#### DATASET

(* Let $\mathbf{k}$ be a field, $U$ a $3$-dimensional $\mathbf{k}$-vector space with basis $x,y,z$, $U_0$ the span of $y,z$, $R=\operatorname{Sym}_\bullet U$, and $n$ a positive integer. Let $\Phi_{2n-1}\in D_{2n-1}U^*$ and assume that the $\mathbf{k}$-linear map $p:\operatorname{Sym}_{n-1}U\to D_{n-1}U^*$, $p(\mu_{n-1})=\mu_{n-1}(x(\Phi_{2n-1}))$, is an isomorphism. Let $I=\{\mu\in R\mid \mu(x(\Phi_{2n-1}))=0\}$. Let $B_0=B_3=R$, $B_1=(R\otimes D_{n-1}U_0^* )\oplus(R\otimes\operatorname{Sym}_nU_0)$, $B_2=(R\otimes\operatorname{Sym}_{n-1}U_0)\oplus(R\otimes D_nU_0^* )$ (tensor products over $\mathbf{k}$), and define $R$-linear maps, for $\mu_{0,i}\in\operatorname{Sym}_iU_0$ and $\nu_{0,i}\in D_iU_0^*$, by $$b_1(\nu_{0,n-1})=xp^{-1}(\nu_{0,n-1}),\qquad b_1(\mu_{0,n})=\mu_{0,n}-xp^{-1}(\mu_{0,n}(\Phi_{2n-1})),$$ $b_2(\mu_{0,n-1},0)$ has $R\otimes D_{n-1}U_0^*$-component $$x\sum_{m_1}\Big(\big(p^{-1}[(z\mu_{0,n-1})(\Phi_{2n-1})]\big)[(ym_1)(\Phi_{2n-1})]-\big(p^{-1}[(y\mu_{0,n-1})(\Phi_{2n-1})]\big)[(zm_1)(\Phi_{2n-1})]\Big)\otimes m_1^*$$ and $R\otimes\operatorname{Sym}_nU_0$-component $$x\sum_{m_2}\Big(\big(p^{-1}[(z\mu_{0,n-1})(\Phi_{2n-1})]\big)(y(m_2^* ))-\big(p^{-1}[(y\mu_{0,n-1})(\Phi_{2n-1})]\big)(z(m_2^* ))\Big)\otimes m_2+y\otimes z\mu_{0,n-1}-z\otimes y\mu_{0,n-1};$$ $b_2(0,\nu_{0,n})$ has $R\otimes D_{n-1}U_0^*$-component $$x\sum_{m_1}\Big(-\big(p^{-1}[(zm_1)(\Phi_{2n-1})]\big)(y(\nu_{0,n}))+\big(p^{-1}[(ym_1)(\Phi_{2n-1})]\big)(z(\nu_{0,n}))\Big)\otimes m_1^*-y\otimes z(\nu_{0,n})+z\otimes y(\nu_{0,n})$$ and $R\otimes\operatorname{Sym}_nU_0$-component $$x\sum_{m_2}\Big([p^{-1}(z(\nu_{0,n}))][y(m_2^* )]-[p^{-1}(y(\nu_{0,n}))][z(m_2^* )]\Big)\otimes m_2;$$ and $$b_3(1)=\Big(\sum_{m_1}b_1(m_1^* )\otimes m_1,\ \sum_{m_2}b_1(m_2)\otimes m_2^*\Big),$$ where $m_1$ ranges over the monomials of degree $n-1$ in $y,z$ and $m_2$ over the monomials of degree $n$ in $y,z$. Then $0\to B_3\xrightarrow{b_3}B_2\xrightarrow{b_2}B_1\xrightarrow{b_1}B_0$ is a minimal homogeneous resolution of $R/I$ by free $R$-modules, with graded form $0\to R(-2n-1)\to R(-n-1)^{2n+1}\to R(-n)^{2n+1}\to R$.
   Context: $D_iV^*=\operatorname{Hom}_{\mathbf{k}}(\operatorname{Sym}_iV,\mathbf{k})$. $\operatorname{Sym}_\bullet U$ acts on $D_\bullet U^*=\bigoplus_iD_iU^*$: for $u\in\operatorname{Sym}_iU$, $w\in D_jU^*$, $u(w)\in D_{j-i}U^*$ is $v\mapsto w(vu)$ (zero if $i>j$); when $i=j$, $u(w)=w(u)\in\mathbf{k}$. For a monomial $m$ of degree $i$, $m^*$ denotes the dual basis element of $D_iU^*$ (with respect to the monomial basis). $D_iU_0^*$ is identified with the subspace of $D_iU^*$ spanned by the $m^*$ with $m$ a monomial in $y,z$ only; thus $p^{-1}$ may be applied to elements of $D_{n-1}U_0^*$. An expression $\mu(w)$ with $\mu\in\operatorname{Sym}_{n-1}U$ and $w\in D_{n-1}U^*$ is an element of $\mathbf{k}$. In $R\otimes\operatorname{Sym}_nU_0$ and $R\otimes D_{n-1}U_0^*$, $y\otimes(\cdot)$ and $z\otimes(\cdot)$ denote the linear forms $y,z\in R$ tensored with the indicated element. In the graded form, $B_1$ sits in degree $n$ and $B_2$ in degree $n+1$. *)

theory Defs
  imports Main "HOL-Library.Poly_Mapping"
begin

text \<open>The three variables x, y, z of U; monomials are exponent vectors.
  R = Sym U = k[x,y,z] is the ring of finitely supported functions from
  monomials to k (with convolution product).\<close>

datatype var3 = VX | VY | VZ

type_synonym mono = "var3 \<Rightarrow>\<^sub>0 nat"
type_synonym 'k mpoly3 = "mono \<Rightarrow>\<^sub>0 'k"

text \<open>Elements of the divided power module D U^* (dual of Sym U, w.r.t. the
  monomial basis) are represented by their values on monomials.\<close>
type_synonym 'k dp = "mono \<Rightarrow> 'k"

definition mdeg :: "mono \<Rightarrow> nat" where
  "mdeg m = Poly_Mapping.lookup m VX + Poly_Mapping.lookup m VY + Poly_Mapping.lookup m VZ"

definition mon :: "mono \<Rightarrow> 'k::comm_ring_1 mpoly3" where
  "mon m = Poly_Mapping.single m 1"

definition cst :: "'k::comm_ring_1 \<Rightarrow> 'k mpoly3" where
  "cst c = Poly_Mapping.single 0 c"

definition Xp :: "'k::comm_ring_1 mpoly3" where "Xp = mon (Poly_Mapping.single VX 1)"
definition Yp :: "'k::comm_ring_1 mpoly3" where "Yp = mon (Poly_Mapping.single VY 1)"
definition Zp :: "'k::comm_ring_1 mpoly3" where "Zp = mon (Poly_Mapping.single VZ 1)"

definition homog :: "nat \<Rightarrow> 'k::comm_ring_1 mpoly3 \<Rightarrow> bool" where
  "homog d f \<longleftrightarrow> (\<forall>m\<in>Poly_Mapping.keys f. mdeg m = d)"

definition Sym :: "nat \<Rightarrow> 'k::comm_ring_1 mpoly3 set" where
  "Sym d = {f. homog d f}"

text \<open>D_j U^*: functionals on Sym_j U, i.e. functions vanishing off degree j.\<close>
definition Dsp :: "nat \<Rightarrow> 'k::comm_ring_1 dp set" where
  "Dsp j = {w. \<forall>m. mdeg m \<noteq> j \<longrightarrow> w m = 0}"

text \<open>Contraction action of R on D U^*: for a monomial u, u(w) is v \<mapsto> w(v u),
  extended linearly.  For u of degree j and w in D_j U^*, (act u w) 0 = w(u).\<close>
definition act :: "'k::comm_ring_1 mpoly3 \<Rightarrow> 'k dp \<Rightarrow> 'k dp" where
  "act \<mu> w = (\<lambda>v. \<Sum>u\<in>Poly_Mapping.keys \<mu>. Poly_Mapping.lookup \<mu> u * w (u + v))"

definition pair :: "'k::comm_ring_1 mpoly3 \<Rightarrow> 'k dp \<Rightarrow> 'k" where
  "pair \<mu> w = act \<mu> w 0"

definition dual :: "mono \<Rightarrow> 'k::comm_ring_1 dp" where
  "dual m = (\<lambda>m'. if m' = m then 1 else 0)"

definition M0 :: "nat \<Rightarrow> mono set" where
  "M0 d = {m. Poly_Mapping.lookup m VX = 0 \<and> mdeg m = d}"

definition pmap :: "'k::comm_ring_1 dp \<Rightarrow> 'k mpoly3 \<Rightarrow> 'k dp" where
  "pmap \<Phi> \<mu> = act \<mu> (act Xp \<Phi>)"

definition pinv :: "nat \<Rightarrow> 'k::comm_ring_1 dp \<Rightarrow> 'k dp \<Rightarrow> 'k mpoly3" where
  "pinv n \<Phi> = inv_into (Sym (n - 1)) (pmap \<Phi>)"

definition Iid :: "'k::comm_ring_1 dp \<Rightarrow> 'k mpoly3 set" where
  "Iid \<Phi> = {\<mu>. act \<mu> (act Xp \<Phi>) = (\<lambda>_. 0)}"

text \<open>Common index set of the free bases of B_1 and B_2 (both of type mono + mono).
  For B_1 = (R \<otimes> D_{n-1}U_0^*) \<oplus> (R \<otimes> Sym_n U_0): Inl m1 stands for 1 \<otimes> m1^*,
  Inr m2 for 1 \<otimes> m2.  For B_2 = (R \<otimes> Sym_{n-1}U_0) \<oplus> (R \<otimes> D_n U_0^*):
  Inl m1 stands for 1 \<otimes> m1, Inr m2 for 1 \<otimes> m2^*.\<close>
type_synonym bidx = "mono + mono"

definition Bidx :: "nat \<Rightarrow> bidx set" where
  "Bidx n = Inl ` M0 (n - 1) \<union> Inr ` M0 n"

########

• _WORK TO COMPLETE_
Copy, without any change, the lines above from the one containing "Xp \<Phi>) = (\<lambda>_." to the end, both ends included. Add nothing else.

• _FINISHED EXERCISE_
  "Iid \<Phi> = {\<mu>. act \<mu> (act Xp \<Phi>) = (\<lambda>_. 0)}"

text \<open>Common index set of the free bases of B_1 and B_2 (both of type mono + mono).
  For B_1 = (R \<otimes> D_{n-1}U_0^*) \<oplus> (R \<otimes> Sym_n U_0): Inl m1 stands for 1 \<otimes> m1^*,
  Inr m2 for 1 \<otimes> m2.  For B_2 = (R \<otimes> Sym_{n-1}U_0) \<oplus> (R \<otimes> D_n U_0^*):
  Inl m1 stands for 1 \<otimes> m1, Inr m2 for 1 \<otimes> m2^*.\<close>
type_synonym bidx = "mono + mono"

definition Bidx :: "nat \<Rightarrow> bidx set" where
  "Bidx n = Inl ` M0 (n - 1) \<union> Inr ` M0 n"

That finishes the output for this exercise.